■ Data to examine ■

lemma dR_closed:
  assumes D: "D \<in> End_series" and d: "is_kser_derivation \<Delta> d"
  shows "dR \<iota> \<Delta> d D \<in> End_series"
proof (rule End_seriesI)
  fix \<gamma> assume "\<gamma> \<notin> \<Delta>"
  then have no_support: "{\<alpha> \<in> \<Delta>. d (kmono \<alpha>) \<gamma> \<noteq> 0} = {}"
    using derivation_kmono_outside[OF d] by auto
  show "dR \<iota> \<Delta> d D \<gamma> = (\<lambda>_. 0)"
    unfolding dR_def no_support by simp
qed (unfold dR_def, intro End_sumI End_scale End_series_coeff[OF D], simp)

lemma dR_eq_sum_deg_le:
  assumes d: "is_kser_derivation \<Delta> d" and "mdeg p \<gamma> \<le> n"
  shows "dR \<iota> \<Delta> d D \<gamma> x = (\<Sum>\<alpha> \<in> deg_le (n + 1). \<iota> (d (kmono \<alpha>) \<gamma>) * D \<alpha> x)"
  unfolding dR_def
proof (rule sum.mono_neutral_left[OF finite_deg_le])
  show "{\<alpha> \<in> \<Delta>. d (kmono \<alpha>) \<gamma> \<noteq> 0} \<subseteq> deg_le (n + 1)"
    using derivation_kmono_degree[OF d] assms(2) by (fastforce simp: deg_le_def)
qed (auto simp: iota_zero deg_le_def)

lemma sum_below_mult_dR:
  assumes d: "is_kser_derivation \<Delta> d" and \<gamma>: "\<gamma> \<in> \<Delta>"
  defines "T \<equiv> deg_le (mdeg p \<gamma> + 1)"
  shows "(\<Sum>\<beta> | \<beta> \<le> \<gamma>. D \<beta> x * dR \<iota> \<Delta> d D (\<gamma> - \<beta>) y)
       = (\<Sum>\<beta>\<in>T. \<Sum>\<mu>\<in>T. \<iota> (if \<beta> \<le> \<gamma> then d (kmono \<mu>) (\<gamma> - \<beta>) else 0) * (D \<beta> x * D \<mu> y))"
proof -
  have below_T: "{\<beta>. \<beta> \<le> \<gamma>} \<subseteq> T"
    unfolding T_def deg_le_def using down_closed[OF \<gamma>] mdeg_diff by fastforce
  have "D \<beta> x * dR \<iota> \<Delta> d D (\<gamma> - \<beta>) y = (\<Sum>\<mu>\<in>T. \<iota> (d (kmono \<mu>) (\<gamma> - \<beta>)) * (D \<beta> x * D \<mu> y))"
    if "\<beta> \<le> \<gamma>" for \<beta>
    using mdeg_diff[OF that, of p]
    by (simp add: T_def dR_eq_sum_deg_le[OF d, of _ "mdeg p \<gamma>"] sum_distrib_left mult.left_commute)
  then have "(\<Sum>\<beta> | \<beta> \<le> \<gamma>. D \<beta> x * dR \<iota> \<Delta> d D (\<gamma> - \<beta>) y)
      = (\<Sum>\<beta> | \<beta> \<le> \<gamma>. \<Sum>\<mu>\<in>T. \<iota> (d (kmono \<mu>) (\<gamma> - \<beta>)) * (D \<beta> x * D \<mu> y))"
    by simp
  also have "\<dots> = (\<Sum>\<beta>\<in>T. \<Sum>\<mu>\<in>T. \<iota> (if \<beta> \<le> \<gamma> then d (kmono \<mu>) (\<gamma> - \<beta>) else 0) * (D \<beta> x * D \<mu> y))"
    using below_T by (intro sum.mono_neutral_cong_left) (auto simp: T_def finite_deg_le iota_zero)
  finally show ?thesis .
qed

■ Your task ■
All lines in the records above with "noteq" need to be found and copied.

■ Final answer ■
  then have no_support: "{\<alpha> \<in> \<Delta>. d (kmono \<alpha>) \<gamma> \<noteq> 0} = {}"
  show "{\<alpha> \<in> \<Delta>. d (kmono \<alpha>) \<gamma> \<noteq> 0} \<subseteq> deg_le (n + 1)"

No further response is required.